_Provided material_
(* Let $\mathfrak{S}=(\mathcal{X},\mathsf{S},\gamma,(\Lambda_{a})_{a\in\mathcal{A}})$ be a spectral decomposition system for the Euclidean space $\mathfrak{H}$, let $\varphi\colon\mathcal{X}\to\left]-\infty,+\infty\right]$ be proper and $\mathsf{S}$-invariant, and let $X\in\mathfrak{H}$. Then: (i) for every $Y\in\mathfrak{H}$, $Y\in\partial(\varphi\circ\gamma)(X)$ if and only if $\gamma(Y)\in\partial\varphi(\gamma(X))$ and there exists $a\in\mathcal{A}$ such that $X=\Lambda_a\gamma(X)$ and $Y=\Lambda_a\gamma(Y)$; (ii) $\partial(\varphi\circ\gamma)(X)=\{\Lambda_ay: y\in\partial\varphi(\gamma(X)),\ a\in\mathcal{A}_X\}$; (iii) $\partial(\varphi\circ\gamma)(X)$ is a singleton if and only if $\partial\varphi(\gamma(X))$ is a singleton.
   Context: A Euclidean space is a finite-dimensional real inner product space; inner products are written $\langle\cdot,\cdot\rangle$ and norms $\|\cdot\|$. Let $\mathfrak{H}$ and $\mathcal{X}$ be Euclidean spaces, let $\mathsf{S}$ be a group acting on $\mathcal{X}$ by linear isometries, let $\gamma\colon\mathfrak{H}\to\mathcal{X}$, and let $(\Lambda_a)_{a\in\mathcal{A}}$ be a family of linear operators from $\mathcal{X}$ to $\mathfrak{H}$. The orbit of $x$ is $\mathsf{S}\cdot x=\{s\cdot x: s\in\mathsf{S}\}$; a map $f$ on $\mathcal{X}$ is $\mathsf{S}$-invariant if $f(s\cdot x)=f(x)$ for all $s,x$. The tuple is a spectral decomposition system for $\mathfrak{H}$ if: [A] every $\Lambda_a$ is an isometry; [B] there exists an $\mathsf{S}$-invariant $\tau\colon\mathcal{X}\to\mathcal{X}$ with $\tau(x)\in\mathsf{S}\cdot x$ for all $x$ and $\gamma\circ\Lambda_a=\tau$ for all $a$; [C] for every $X\in\mathfrak{H}$ there is $a$ with $X=\Lambda_a\gamma(X)$; [D] $\langle X,Y\rangle\leq\langle\gamma(X),\gamma(Y)\rangle$ for all $X,Y\in\mathfrak{H}$. For $X\in\mathfrak{H}$, $\mathcal{A}_X=\{a\in\mathcal{A}: X=\Lambda_a\gamma(X)\}$. A function is proper if it never takes $-\infty$ and is finite somewhere; the subdifferential of $f$ on a Euclidean space $\mathcal{H}$ is $\partial f(x)=\{y:\langle z-x,y\rangle+f(x)\leq f(z)\ \forall z\in\mathcal{H}\}$. *)

theory Defs
  imports "HOL-Analysis.Analysis" "HOL-Library.Extended_Real"
begin

definition linear_isometric_action :: "('g::group_add \<Rightarrow> 'x::euclidean_space \<Rightarrow> 'x) \<Rightarrow> bool" where
  "linear_isometric_action act \<longleftrightarrow>
     act 0 = id \<and>
     (\<forall>g h. act (g + h) = act g \<circ> act h) \<and>
     (\<forall>g. linear (act g) \<and> (\<forall>x. norm (act g x) = norm x))"

definition orbit :: "('g \<Rightarrow> 'x \<Rightarrow> 'x) \<Rightarrow> 'x \<Rightarrow> 'x set" where
  "orbit act x = {act s x | s. True}"

definition S_invariant :: "('g \<Rightarrow> 'x \<Rightarrow> 'x) \<Rightarrow> ('x \<Rightarrow> 'b) \<Rightarrow> bool" where
  "S_invariant act f \<longleftrightarrow> (\<forall>s x. f (act s x) = f x)"

definition spectral_decomposition_system ::
  "('g::group_add \<Rightarrow> 'x::euclidean_space \<Rightarrow> 'x) \<Rightarrow> ('h::euclidean_space \<Rightarrow> 'x)
   \<Rightarrow> 'a set \<Rightarrow> ('a \<Rightarrow> 'x \<Rightarrow> 'h) \<Rightarrow> bool" where
  "spectral_decomposition_system act \<gamma> A \<Lambda> \<longleftrightarrow>
     linear_isometric_action act \<and>
     (\<forall>a\<in>A. linear (\<Lambda> a) \<and> (\<forall>x. norm (\<Lambda> a x) = norm x)) \<and>
     (\<exists>\<tau>. S_invariant act \<tau> \<and> (\<forall>x. \<tau> x \<in> orbit act x) \<and> (\<forall>a\<in>A. \<gamma> \<circ> \<Lambda> a = \<tau>)) \<and>
     (\<forall>X. \<exists>a\<in>A. X = \<Lambda> a (\<gamma> X)) \<and>
     (\<forall>X Y. inner X Y \<le> inner (\<gamma> X) (\<gamma> Y))"

definition A_of :: "'a set \<Rightarrow> ('a \<Rightarrow> 'x \<Rightarrow> 'h) \<Rightarrow> ('h \<Rightarrow> 'x) \<Rightarrow> 'h \<Rightarrow> 'a set" where
  "A_of A \<Lambda> \<gamma> X = {a\<in>A. X = \<Lambda> a (\<gamma> X)}"

definition proper_fun :: "('x \<Rightarrow> ereal) \<Rightarrow> bool" where
  "proper_fun f \<longleftrightarrow> (\<forall>x. f x \<noteq> -\<infinity>) \<and> (\<exists>x. f x \<noteq> \<infinity>)"

definition subdiff :: "('x::real_inner \<Rightarrow> ereal) \<Rightarrow> 'x \<Rightarrow> 'x set" where
  "subdiff f x = {y. \<forall>z. ereal (inner (z - x) y) + f x \<le> f z}"

end

theory Submission
  imports Defs
begin

(* Inequality [D] is an equality <X, Y> = <gamma X, gamma Y> exactly when X and Y have a common
   decomposition X = Lambda_a (gamma X), Y = Lambda_a (gamma Y): comparing norms shows that
   gamma is then additive on X, Y, and the decomposition of X + Y splits into decompositions of
   X and Y. Testing a subgradient Y of phi o gamma at Lambda_b (gamma X), which has the same
   gamma-value as X, forces this equality; transporting the subgradient inequality along
   Lambda_a then gives gamma Y in the subdifferential of phi. Conversely Lambda_a maps
   subgradients of phi at gamma X to subgradients of phi o gamma at X by [D] and the
   S-invariance of phi. For (iii), Lambda_a is injective, and all subgradients of phi o gamma
   at X have the norm of the unique subgradient of phi: a convex subset of a sphere in a
   Euclidean space has at most one point. *)

lemma inner_eq_if_linear_norm_eq:
  assumes "linear f" "\<And>x. norm (f x) = norm x"
  shows "inner (f x) (f y) = inner x y"
  using assms by (simp add: dot_norm linear_add[OF assms(1), symmetric])

lemma eq_if_inner_diff_self_nonpos:
  fixes x y :: "'a::real_inner"
  assumes "inner (x - y) (x - y) \<le> 0"
  shows "x = y"
  using assms inner_ge_zero[of "x - y"] by simp

lemma eq_if_norm_midpoint_eq:
  fixes a b :: "'a::real_inner"
  assumes "norm a = c" "norm b = c" "norm ((1/2) *\<^sub>R (a + b)) = c"
  shows "a = b"
proof -
  have "norm (a + b) = norm a + norm b"
    using assms by simp
  then have "c *\<^sub>R b = c *\<^sub>R a"
    using norm_triangle_eq[of a b] assms(1,2) by simp
  then show ?thesis
    using assms(1,2) by (cases "c = 0") auto
qed

lemma convex_subdiff: "convex (subdiff f x)"
proof (rule convexI)
  fix y1 y2 and u v :: real
  assume y: "y1 \<in> subdiff f x" "y2 \<in> subdiff f x" and uv: "0 \<le> u" "0 \<le> v" "u + v = 1"
  show "u *\<^sub>R y1 + v *\<^sub>R y2 \<in> subdiff f x"
    unfolding subdiff_def
  proof (intro CollectI allI)
    fix z
    have le1: "ereal (inner (z - x) y1) + f x \<le> f z" and le2: "ereal (inner (z - x) y2) + f x \<le> f z"
      using y unfolding subdiff_def by auto
    show "ereal (inner (z - x) (u *\<^sub>R y1 + v *\<^sub>R y2)) + f x \<le> f z"
    proof (cases "f x")
      case (real r)
      show ?thesis
      proof (cases "f z")
        case (real t)
        have "inner (z - x) y1 + r \<le> t" "inner (z - x) y2 + r \<le> t"
          using le1 le2 real \<open>f x = ereal r\<close> by auto
        then have "u * (inner (z - x) y1 + r) + v * (inner (z - x) y2 + r) \<le> u * t + v * t"
          using uv by (intro add_mono mult_left_mono) auto
        moreover have "u * t + v * t = t"
          using uv(3) by (metis distrib_right mult_1)
        moreover have "u * (inner (z - x) y1 + r) + v * (inner (z - x) y2 + r)
            = inner (z - x) (u *\<^sub>R y1 + v *\<^sub>R y2) + r"
          using uv(3) by (simp add: inner_add_right distrib_left flip: distrib_right)
        ultimately have "inner (z - x) (u *\<^sub>R y1 + v *\<^sub>R y2) + r \<le> t"
          by simp
        then show ?thesis
          using real \<open>f x = ereal r\<close> by simp
      qed (use le1 real in auto)
    qed (use le1 in auto)
  qed
qed

lemma eq_if_convex_norm_const:
  fixes S :: "'a::real_inner set"
  assumes "convex S" "\<And>y. y \<in> S \<Longrightarrow> norm y = c" "a \<in> S" "b \<in> S"
  shows "a = b"
proof -
  have "(1/2) *\<^sub>R (a + b) \<in> S"
    using convexD[OF assms(1,3,4), of "1/2" "1/2"] by (simp add: scaleR_right_distrib)
  then show ?thesis
    by (rule eq_if_norm_midpoint_eq[OF assms(2)[OF assms(3)] assms(2)[OF assms(4)] assms(2)])
qed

_Work order_
Could you copy out every line in the listing where the word "rule" appears?

_Problem solution_
proof (rule convexI)
    by (rule eq_if_norm_midpoint_eq[OF assms(2)[OF assms(3)] assms(2)[OF assms(4)] assms(2)])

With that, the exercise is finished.